(perforated lines--you can't resist 'em)

 (it's art!)
(yesterday) Saturday, July 22, 2000 (tomorrow)

 

1:51 a.m. I'm doing a whole artistic, moody thing here because (1) I've just finished watching Eyes Wide Shut and I have the urge to throw some shadows up and call them art; (2) if I do something very quickly here in this journal space, there will still be time to get back into the living room and watch the second movie we rented, Circuitry Man (don't ask); and (3) I'm seriously running low on photos.

The movie was haunting, and yes -- there were plenty of reasons not to like it, but plenty more reasons to keep on watching. If you're homesick for New York, of course, you'll love the street scenes. And I am and I did. If you like pretty settings, pretty clothes, and even a lot of breasts (all shapes, all sizes) -- well, there you go.

It seemed as if the pretty actors were semi-clothed and lovingly lit and arranged carefully in color-coordinated sets and then told to just start talking. There was a distinct feeling of expensive ad-libbing going on -- and Nicole is better at it than Tom, I'm sorry to say. Tom seemed lost in more ways then were called for in the script.

And I swear -- this isn't a movie review. Those are best left to the professionals. Instead, I just want to say that there was an awful lot of The Shining left over in this movie -- those moody slow spinning dancing scenes of a era long gone with a sad, tired swing band; those subservient servants with that air of menace.

I was out today for a little while taking pictures and now that I've been doing this journal for over a year, I know what I'm looking for and what I'm not. It's not that different from my writing, actually. There's always the light setting to worry about and to make a choice about.

The picture on this entry, for instance: It's a mistake. Oddly, it was a bright sunny day and the only reason, I guess, that the wall is so dark and the shadows so deep is because (1) the light coming in the windows was searingly bright and (2) I have a less-than sensitive digital camera and (3) I don't know how to use it.

Today I didn't take photos of urban ruin and the hopelessness of a broken down, humbled life on the street, although I could. Instead I took photos of the weed that blooms through some concrete slabs and the dancing daisies on a wall. Ruin is always ruined by one new tenacious bit of surging growth.

It's easy enough to be evocative -- but the peaches have suddenly turned so sweet that if you weren't a religious person before you bit in, you'd be one now. Really. It's as close as a fruit can come to kissing you back ...
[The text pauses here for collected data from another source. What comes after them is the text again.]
(*
  Completing the square turns each term of the comb convolution into a constant multiple of
  exp (-A (x + s)^2), where A = (mu + nu) Gamma^2 / (2 mu nu) and x = a - mu q / ((mu + nu) Gamma).
  So the left-hand side is a constant times the periodization P(x) = sum_n exp (-A (x + n)^2) of a
  Gaussian. P is continuous and 1-periodic, and unfolding the integral over [0,1] into an integral
  over the line shows that its Fourier coefficients are the values sqrt (pi/A) exp (-pi^2 k^2 / A)
  of the Fourier transform of the Gaussian. The Fourier series with these coefficients converges
  uniformly and has the same coefficients, hence equals P, because a continuous periodic function
  with vanishing Fourier coefficients is zero (trigonometric polynomials are uniformly dense by
  Stone-Weierstrass on the circle). That Fourier series is the theta series of the statement.
*)
theory Submission
  imports Defs "HOL-Probability.Characteristic_Functions"
begin

section \<open>Summation over the integers\<close>

lemma summable_on_int_nonneg:
  fixes f :: "int \<Rightarrow> real"
  assumes "\<And>n. f n \<ge> 0" and "summable (\<lambda>n. f (int n))" and "summable (\<lambda>n. f (- int n))"
  shows "f summable_on UNIV"
proof -
  have pos: "f summable_on range int"
    by (subst summable_on_reindex) (use assms in \<open>auto simp: o_def summable_on_UNIV_nonneg_real_iff\<close>)
  have neg: "f summable_on range (\<lambda>n::nat. - int n)"
    by (subst summable_on_reindex)
       (use assms in \<open>auto simp: o_def summable_on_UNIV_nonneg_real_iff inj_on_def\<close>)
  have "x \<in> range int \<union> range (\<lambda>n::nat. - int n)" for x :: int
    using image_eqI[of x int "nat x"] image_eqI[of x "\<lambda>n. - int n" "nat (- x)"]
    by (cases "x \<ge> 0") auto
  then have "UNIV = range int \<union> range (\<lambda>n::nat. - int n)"
    by blast
  then show ?thesis
    using summable_on_union[OF pos neg] by simp
qed

lemma summable_on_exp_neg_abs_int:
  fixes C c :: real
  assumes "c > 0"
  shows "(\<lambda>n::int. C * exp (- c * \<bar>of_int n\<bar>)) summable_on UNIV"
proof (intro summable_on_cmult_right summable_on_int_nonneg)
  have "summable (\<lambda>n::nat. exp (- c) ^ n)"
    using assms by (intro summable_geometric) auto
  moreover have "exp (- c * \<bar>real_of_int (int n)\<bar>) = exp (- c) ^ n" for n
    by (simp add: exp_of_nat_mult[symmetric])
  ultimately show "summable (\<lambda>n. exp (- c * \<bar>real_of_int (int n)\<bar>))"
    and "summable (\<lambda>n. exp (- c * \<bar>real_of_int (- int n)\<bar>))"
    by simp_all
qed auto

lemma infsum_of_real:
  fixes f :: "'a \<Rightarrow> real"
  assumes "f summable_on S"
  shows "(\<Sum>\<^sub>\<infinity>n\<in>S. complex_of_real (f n)) = complex_of_real (\<Sum>\<^sub>\<infinity>n\<in>S. f n)"
  using has_sum_of_real[OF has_sum_infsum[OF assms]] by (rule infsumI)

lemma filterlim_symmetric_intervals_finite_subsets:
  "filterlim (\<lambda>N::nat. {- int N..<int N}) (finite_subsets_at_top UNIV) sequentially"
proof (subst filterlim_finite_subsets_at_top, intro allI impI)
  fix X :: "int set"
  assume X: "finite X \<and> X \<subseteq> UNIV"
  define B where "B = Max (insert 0 (abs ` X))"
  have B: "\<bar>x\<bar> \<le> B" if "x \<in> X" for x
    unfolding B_def using X that by (intro Max_ge) auto
  show "\<forall>\<^sub>F N in sequentially. finite {- int N..<int N} \<and> X \<subseteq> {- int N..<int N} \<and> {- int N..<int N} \<subseteq> UNIV"
    by (rule eventually_sequentiallyI[of "nat B + 1"]) (use B in force)
qed

lemma
  fixes f :: "int \<Rightarrow> real \<Rightarrow> complex"
  assumes bound: "\<And>n x. x \<in> {a..b} \<Longrightarrow> norm (f n x) \<le> M n" and M: "M summable_on UNIV"
    and cont: "\<And>n. continuous_on {a..b} (f n)"
  shows continuous_on_infsum_Weierstrass: "continuous_on {a..b} (\<lambda>x. \<Sum>\<^sub>\<infinity>n. f n x)"
    and has_sum_integral_Weierstrass:
      "((\<lambda>n. integral {a..b} (f n)) has_sum integral {a..b} (\<lambda>x. \<Sum>\<^sub>\<infinity>n. f n x)) UNIV"
proof -
  have unif: "uniform_limit {a..b} (\<lambda>X y. \<Sum>n\<in>X. f n y) (\<lambda>y. \<Sum>\<^sub>\<infinity>n. f n y) (finite_subsets_at_top UNIV)"
    using bound M by (intro Weierstrass_m_test_general) auto
  have cont_sum: "\<And>X. continuous_on {a..b} (\<lambda>y. \<Sum>n\<in>X. f n y)"
    using cont by (intro continuous_on_sum) auto
  show "continuous_on {a..b} (\<lambda>x. \<Sum>\<^sub>\<infinity>n. f n x)"
    by (rule uniform_limit_theorem[OF _ unif]) (use cont_sum in auto)
  obtain I J where I: "\<And>X. ((\<lambda>y. \<Sum>n\<in>X. f n y) has_integral I X) {a..b}"
    and J: "((\<lambda>y. \<Sum>\<^sub>\<infinity>n. f n y) has_integral J) {a..b}"
    and lim: "(I \<longlongrightarrow> J) (finite_subsets_at_top UNIV)"
    using uniform_limit_integral[OF unif cont_sum] by auto
  have "I X = (\<Sum>n\<in>X. integral {a..b} (f n))" if "finite X" for X
    using integral_unique[OF I[of X]] integral_sum[of X f "{a..b}"] cont integrable_continuous_real that
    by auto
  then have "((\<lambda>X. \<Sum>n\<in>X. integral {a..b} (f n)) \<longlongrightarrow> J) (finite_subsets_at_top UNIV)"
    by (intro Lim_transform_eventually[OF lim] eventually_finite_subsets_at_top_weakI) auto
  then show "((\<lambda>n. integral {a..b} (f n)) has_sum integral {a..b} (\<lambda>x. \<Sum>\<^sub>\<infinity>n. f n x)) UNIV"
    using J by (simp add: has_sum_def integral_unique)
qed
... there was a lot of kissing in Eyes Wide Shut, but it was pretty cold and yes, sort of cadaverous. The skin of many of the women looked green and clammy, but that could also be a result of our little (maybe 10-inch?) antique TV set. We've had it for as long as I can remember, and there's a round burned-out circle in the middle of the screen at all times.

Hey -- maybe the movie is actually bright and cheery. Maybe it's time for a new digital TV screen. We saw some in the big 24-hour electronics store and they're not as expensive as I thought they'd be. Our 11-year-old Sony has been broken for many months now and we've been too (1) lazy or (2) poor or (3) uninterested in getting it fixed.

But it could be affecting our TV watching enjoyment, and when you try to pack as much entertainment into the too-short weekend the way we do, every square inch and every rod of color is important. So maybe it's time to call in the TV repairman and get the dreaded estimate. Subtracting the estimate from the cost of a new DVD-TV will yield an interesting new nugget of information.

Cinema noir may take on a whole new light.